From: Jan Harkes <jaharkes_at_cs.cmu.edu>
Date: Tue, 19 Aug 2003 11:03:10 -0400
On Tue, Aug 19, 2003 at 07:39:56PM +0900, Stephen J. Turnbull wrote:
> >>>>> "Jan" == Jan Harkes <jaharkes_at_cs.cmu.edu> writes:
> FWIW, I just saw something I never saw before: an "Operation already
> in progress" error followed by a recovery and (all of 60 seconds so
> far ;-) normal operation.  Starting from the tail of the mount
> sequence (I'd already cycled the restart-reintegrate-crash sequence
> three times):

That is not too unusual. When a client got disconnected before it
received the reply of the last reintegration attempt and it tries again,
the server returns an EALREADY error along with the storeid of the last
successfully reintegrated operation.

There are some problems in this area. First of all the operation might
have been optimized away, and the client ends up throwing away all
logged operation trying to find the non-existant storeid.

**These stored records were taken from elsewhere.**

definition hex_dist :: "vtx \<Rightarrow> vtx \<Rightarrow> int" where
  "hex_dist a b = offset_dist (fst b - fst a) (snd b - snd a) (right_vertex a)"

lemma hex_dist_adj_le:
  assumes "hex_adj a w" shows "hex_dist a b \<le> hex_dist w b + 1"
proof -
  obtain i j k l where ab: "a = (i, j)" "b = (k, l)" by fastforce
  from assms consider "w = (i, j + 1)" | "w = (i, j - 1)"
    | "w = (i + 1, j)" "right_vertex a" | "w = (i - 1, j)" "\<not> right_vertex a"
    unfolding ab hex_adj_def right_vertex_def by (cases w; auto; presburger)
  then show ?thesis
  proof cases
    case 1 then show ?thesis using offset_dist_up_le[of "k - i" "l - j" "even (i + j)"]
      unfolding ab hex_dist_def right_vertex_def by (simp add: algebra_simps)
  next
    case 2 then show ?thesis using offset_dist_down_le[of "k - i" "l - j" "even (i + j)"]
      unfolding ab hex_dist_def right_vertex_def by (simp add: algebra_simps)
  next
    case 3 then show ?thesis using offset_dist_right_le[of True "k - i" "l - j"]
      unfolding ab hex_dist_def right_vertex_def by (simp add: algebra_simps)
  next
    case 4 then show ?thesis using offset_dist_left_le[of False "k - i" "l - j"]
      unfolding ab hex_dist_def right_vertex_def by (simp add: algebra_simps)
  qed
qed

lemma hex_dist_descent:
  assumes "a \<noteq> b" shows "\<exists>w. hex_adj a w \<and> hex_dist w b + 1 = hex_dist a b"
proof -
  obtain i j k l where ab: "a = (i, j)" "b = (k, l)" by fastforce
  define r where "r = right_vertex a"
  consider "k - i > 0" "r" | "k - i < 0" "\<not> r"
    | "\<not> (k - i > 0 \<and> r)" "\<not> (k - i < 0 \<and> \<not> r)" "l - j \<ge> 0"
    | "\<not> (k - i > 0 \<and> r)" "\<not> (k - i < 0 \<and> \<not> r)" "l - j < 0"
    by linarith
  then show ?thesis
  proof cases
    case 1
    then have "hex_adj a (i + 1, j) \<and> hex_dist (i + 1, j) b + 1 = hex_dist a b"
      using offset_dist_right_eq[of r "k - i" "l - j"]
      unfolding ab hex_adj_def hex_dist_def r_def right_vertex_def by (simp add: algebra_simps)
    then show ?thesis by blast
  next
    case 2
    then have "hex_adj a (i - 1, j) \<and> hex_dist (i - 1, j) b + 1 = hex_dist a b"
      using offset_dist_left_eq[of r "k - i" "l - j"]
      unfolding ab hex_adj_def hex_dist_def r_def right_vertex_def
      by (simp add: algebra_simps; presburger)
    then show ?thesis by blast
  next
    case 3
    moreover have "(k - i, l - j) \<noteq> (0, 0)" using assms ab by auto
    ultimately have "hex_adj a (i, j + 1) \<and> hex_dist (i, j + 1) b + 1 = hex_dist a b"
      using offset_dist_up_eq[of "k - i" r "l - j"]
      unfolding ab hex_adj_def hex_dist_def r_def right_vertex_def
      by (simp add: algebra_simps; presburger)
    then show ?thesis by blast
  next
    case 4
    then have "hex_adj a (i, j - 1) \<and> hex_dist (i, j - 1) b + 1 = hex_dist a b"
      using offset_dist_down_eq[of "k - i" r "l - j"]
      unfolding ab hex_adj_def hex_dist_def r_def right_vertex_def
      by (simp add: algebra_simps; presburger)
    then show ?thesis by blast
  qed
qed

lemma hex_dist_le_walk: "walk n a b \<Longrightarrow> hex_dist a b \<le> int n"
proof (induction n arbitrary: a)
  case 0 then show ?case by (simp add: hex_dist_def offset_dist_vertical)
next
  case (Suc n)
  then obtain w where "hex_adj a w" "walk n w b" by auto
  with Suc.IH[of w] hex_dist_adj_le[of a w b] show ?case by simp
qed

lemma walk_hex_dist: "hex_dist a b = int n \<Longrightarrow> walk n a b"
proof (induction n arbitrary: a)
  case 0 then show ?case by (simp add: hex_dist_def offset_dist_eq_0_iff prod_eq_iff)
next
  case (Suc n)
  then have "a \<noteq> b" by (auto simp: hex_dist_def offset_dist_vertical)
  then obtain w where "hex_adj a w" "hex_dist w b + 1 = hex_dist a b"
    using hex_dist_descent by blast
  moreover have "walk n w b" using Suc.IH[of w] Suc.prems calculation by simp
  ultimately show ?case unfolding walk.simps by blast
qed

lemma hdist_eq_hex_dist: "int (hdist a b) = hex_dist a b"
proof -
  have "hex_dist a b \<ge> 0" by (simp add: hex_dist_def offset_dist_nonneg)
  moreover have "hdist a b = nat (hex_dist a b)" unfolding hdist_def
  proof (rule Least_equality)
    show "walk (nat (hex_dist a b)) a b" by (rule walk_hex_dist) (simp add: calculation)
    show "nat (hex_dist a b) \<le> n" if "walk n a b" for n
      using hex_dist_le_walk[OF that] by linarith
  qed
  ultimately show ?thesis by simp
qed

The other problem is when some connected operations time out. The code
then retries the operation which is logged in the CML, but with a
different storeid from the first attempt. If f.i. the connected store
already completed, but we didn't get the reply, we always get a
reintegration conflict when the logged store operation is sent to the
servers.

These problems have been there for ages, and are not all that easy to
fix and along with the problematic cross-directory rename server-server
resolution are the main reasons why I don't run write-disconnected 24/7.

> because I've gotten the same crash on my roadwarrior client as well as
> on the local client, and because reinitializing the client doesn't
> prevent it from happening again on a regular basis.)
> 
> Details on request, of course, but I get the impression you're not
> putting high priority on this right now.

I don't like crashing clients, no matter what. Anything that crashes a
client or a server is definitely among my high priority issues. Right
now I'm trying to figure out why servers sometimes crash during backups,
but most of the time have no problems at all.

I just have to try to reproduce your problem here to see where exactly
it crashes and more importantly how it got in that state in the first
place.

Jan
Received on 2003-08-19 11:05:06